(* Let $D$ be a checkerboard colorable virtual link diagram and let $G_D$ be a signed Tait graph of $D$. Then $\langle D\rangle(A,B,d)=F[G_D](A,B,d)$.
   Context: A virtual link diagram is a plane curve with real crossings and virtual crossings. It is checkerboard colorable if one can color a small neighbourhood of one side of each arc so that near each real crossing the colored sides alternate, and near each virtual crossing the colorings of the two strands pass through independently. Bracket polynomial: $\langle D\rangle(A,B,d)=\sum_{\sigma}A^{\alpha(\sigma)}B^{\beta(\sigma)}d^{|\sigma|-1}$, the sum over all states $\sigma$ (choice of $A$- or $B$-smoothing at every real crossing), $\alpha(\sigma),\beta(\sigma)$ the numbers of $A$- and $B$-smoothings, $|\sigma|$ the number of closed curves. Signed Tait graph (Chmutov–Pak): given a checkerboard coloring of $D$, thicken $D$ to a surface in which bands at virtual crossings pass without touching; the colored neighbourhoods form annuli whose exterior circles run along the diagram, jumping between strands at real crossings so that the two colored corners of each crossing lie on them. Replace each real crossing by an edge-ribbon joining the exterior-circle arcs at the two colored corners and glue discs along the interior circles. The result is an orientable signed ribbon graph (vertices = capped annuli, edges = real crossings, edge sign $+$ iff the $A$-smoothing of the crossing joins the two colored corners), i.e. a signed cyclic graph $G_D$ (cyclic graph: graph with cyclic ordering of half-edges at each vertex). The polynomial $F[G]$ of a signed cyclic graph $G$: edges may be "marked"; for an unmarked edge $e$, $G-e$ deletes $e$ and $G(\bar e)$ keeps $e$ and marks it; $F[G]=B\,F[G-e]+A\,F[G(\bar e)]$ if $e$ is positive, $F[G]=A\,F[G-e]+B\,F[G(\bar e)]$ if $e$ is negative; and if $H$ is a spanning subgraph (all vertices, a subset of edges with induced cyclic order) all of whose edges are marked, $F[H]=d^{bc(H)-1}$, with $bc(H)$ the number of boundary components of the ribbon graph of $H$. *)

theory Defs
  imports Main
begin

text \<open>A virtual link diagram, up to detour moves (which do not affect the bracket nor the
Tait graph construction), is recorded by: its finite set of real crossings; at each real
crossing c four ends (c,0),(c,1),(c,2),(c,3), numbered counterclockwise in the plane, the
ends 0 and 2 belonging to the over-strand and 1 and 3 to the under-strand; the arcs of the
diagram, given by the fixed-point-free involution lnk on ends (lnk x is the other end of the
arc starting at x; virtual crossings are just where arcs pass over each other);
and the number of closed components without real crossings.\<close>

record 'c vdiag =
  cross :: "'c set"
  lnk :: "'c \<times> nat \<Rightarrow> 'c \<times> nat"
  nloops :: nat

definition ends :: "'c vdiag \<Rightarrow> ('c \<times> nat) set" where
  "ends D = cross D \<times> {0..<4}"

definition virtual_link_diagram :: "'c vdiag \<Rightarrow> bool" where
  "virtual_link_diagram D \<longleftrightarrow> finite (cross D) \<and>
     (\<forall>x\<in>ends D. lnk D x \<in> ends D \<and> lnk D (lnk D x) = x \<and> lnk D x \<noteq> x)"

text \<open>A state is given by the set S of A-smoothed crossings.  The A-smoothing joins the
A-regions (corners 0 and 2, i.e. the corners swept by the over-strand rotating
counterclockwise), so it pairs the ends (0,3) and (1,2); the B-smoothing pairs (0,1),(2,3).\<close>

definition smooth :: "'c set \<Rightarrow> 'c \<times> nat \<Rightarrow> 'c \<times> nat" where
  "smooth S = (\<lambda>(c, i). if c \<in> S then (c, 3 - i) else (c, if even i then i + 1 else i - 1))"

text \<open>Closed curves of a state: connected components of the ends under the arcs and the
smoothing arcs, plus the crossingless components.\<close>
definition state_circles :: "'c vdiag \<Rightarrow> 'c set \<Rightarrow> nat" where
  "state_circles D S =
     card (ends D // (({(x, lnk D x) | x. x \<in> ends D} \<union> {(x, smooth S x) | x. x \<in> ends D})\<^sup>*))
     + nloops D"

definition bracket :: "'c vdiag \<Rightarrow> 'a::field \<Rightarrow> 'a \<Rightarrow> 'a \<Rightarrow> 'a" where
  "bracket D A B d = (\<Sum>S\<in>Pow (cross D).
      A ^ card S * B ^ card (cross D - S) * d powi (int (state_circles D S) - 1))"

text \<open>Vertices, half-edges with their vertex, the rotation (cyclic successor of a
half-edge at its vertex), the edge involution and the sign of (the edge of) a half-edge.\<close>
record ('v, 'h) scg =
  sverts :: "'v set"
  shalfs :: "'h set"
  svert :: "'h \<Rightarrow> 'v"
  srot :: "'h \<Rightarrow> 'h"
  sopp :: "'h \<Rightarrow> 'h"
  ssign :: "'h \<Rightarrow> bool"

definition orbit :: "('h \<Rightarrow> 'h) \<Rightarrow> 'h \<Rightarrow> 'h set" where
  "orbit f x = {(f ^^ n) x | n. True}"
..........
ABOUT THIS EXERCISE →
Restate the data above word for word.

TASK RESULT →
(* Let $D$ be a checkerboard colorable virtual link diagram and let $G_D$ be a signed Tait graph of $D$. Then $\langle D\rangle(A,B,d)=F[G_D](A,B,d)$.
   Context: A virtual link diagram is a plane curve with real crossings and virtual crossings. It is checkerboard colorable if one can color a small neighbourhood of one side of each arc so that near each real crossing the colored sides alternate, and near each virtual crossing the colorings of the two strands pass through independently. Bracket polynomial: $\langle D\rangle(A,B,d)=\sum_{\sigma}A^{\alpha(\sigma)}B^{\beta(\sigma)}d^{|\sigma|-1}$, the sum over all states $\sigma$ (choice of $A$- or $B$-smoothing at every real crossing), $\alpha(\sigma),\beta(\sigma)$ the numbers of $A$- and $B$-smoothings, $|\sigma|$ the number of closed curves. Signed Tait graph (Chmutov–Pak): given a checkerboard coloring of $D$, thicken $D$ to a surface in which bands at virtual crossings pass without touching; the colored neighbourhoods form annuli whose exterior circles run along the diagram, jumping between strands at real crossings so that the two colored corners of each crossing lie on them. Replace each real crossing by an edge-ribbon joining the exterior-circle arcs at the two colored corners and glue discs along the interior circles. The result is an orientable signed ribbon graph (vertices = capped annuli, edges = real crossings, edge sign $+$ iff the $A$-smoothing of the crossing joins the two colored corners), i.e. a signed cyclic graph $G_D$ (cyclic graph: graph with cyclic ordering of half-edges at each vertex). The polynomial $F[G]$ of a signed cyclic graph $G$: edges may be "marked"; for an unmarked edge $e$, $G-e$ deletes $e$ and $G(\bar e)$ keeps $e$ and marks it; $F[G]=B\,F[G-e]+A\,F[G(\bar e)]$ if $e$ is positive, $F[G]=A\,F[G-e]+B\,F[G(\bar e)]$ if $e$ is negative; and if $H$ is a spanning subgraph (all vertices, a subset of edges with induced cyclic order) all of whose edges are marked, $F[H]=d^{bc(H)-1}$, with $bc(H)$ the number of boundary components of the ribbon graph of $H$. *)

theory Defs
  imports Main
begin

text \<open>A virtual link diagram, up to detour moves (which do not affect the bracket nor the
Tait graph construction), is recorded by: its finite set of real crossings; at each real
crossing c four ends (c,0),(c,1),(c,2),(c,3), numbered counterclockwise in the plane, the
ends 0 and 2 belonging to the over-strand and 1 and 3 to the under-strand; the arcs of the
diagram, given by the fixed-point-free involution lnk on ends (lnk x is the other end of the
arc starting at x; virtual crossings are just where arcs pass over each other);
and the number of closed components without real crossings.\<close>

record 'c vdiag =
  cross :: "'c set"
  lnk :: "'c \<times> nat \<Rightarrow> 'c \<times> nat"
  nloops :: nat

definition ends :: "'c vdiag \<Rightarrow> ('c \<times> nat) set" where
  "ends D = cross D \<times> {0..<4}"

definition virtual_link_diagram :: "'c vdiag \<Rightarrow> bool" where
  "virtual_link_diagram D \<longleftrightarrow> finite (cross D) \<and>
     (\<forall>x\<in>ends D. lnk D x \<in> ends D \<and> lnk D (lnk D x) = x \<and> lnk D x \<noteq> x)"

text \<open>A state is given by the set S of A-smoothed crossings.  The A-smoothing joins the
A-regions (corners 0 and 2, i.e. the corners swept by the over-strand rotating
counterclockwise), so it pairs the ends (0,3) and (1,2); the B-smoothing pairs (0,1),(2,3).\<close>

definition smooth :: "'c set \<Rightarrow> 'c \<times> nat \<Rightarrow> 'c \<times> nat" where
  "smooth S = (\<lambda>(c, i). if c \<in> S then (c, 3 - i) else (c, if even i then i + 1 else i - 1))"

text \<open>Closed curves of a state: connected components of the ends under the arcs and the
smoothing arcs, plus the crossingless components.\<close>
definition state_circles :: "'c vdiag \<Rightarrow> 'c set \<Rightarrow> nat" where
  "state_circles D S =
     card (ends D // (({(x, lnk D x) | x. x \<in> ends D} \<union> {(x, smooth S x) | x. x \<in> ends D})\<^sup>*))
     + nloops D"

definition bracket :: "'c vdiag \<Rightarrow> 'a::field \<Rightarrow> 'a \<Rightarrow> 'a \<Rightarrow> 'a" where
  "bracket D A B d = (\<Sum>S\<in>Pow (cross D).
      A ^ card S * B ^ card (cross D - S) * d powi (int (state_circles D S) - 1))"

text \<open>Vertices, half-edges with their vertex, the rotation (cyclic successor of a
half-edge at its vertex), the edge involution and the sign of (the edge of) a half-edge.\<close>
record ('v, 'h) scg =
  sverts :: "'v set"
  shalfs :: "'h set"
  svert :: "'h \<Rightarrow> 'v"
  srot :: "'h \<Rightarrow> 'h"
  sopp :: "'h \<Rightarrow> 'h"
  ssign :: "'h \<Rightarrow> bool"

definition orbit :: "('h \<Rightarrow> 'h) \<Rightarrow> 'h \<Rightarrow> 'h set" where
  "orbit f x = {(f ^^ n) x | n. True}"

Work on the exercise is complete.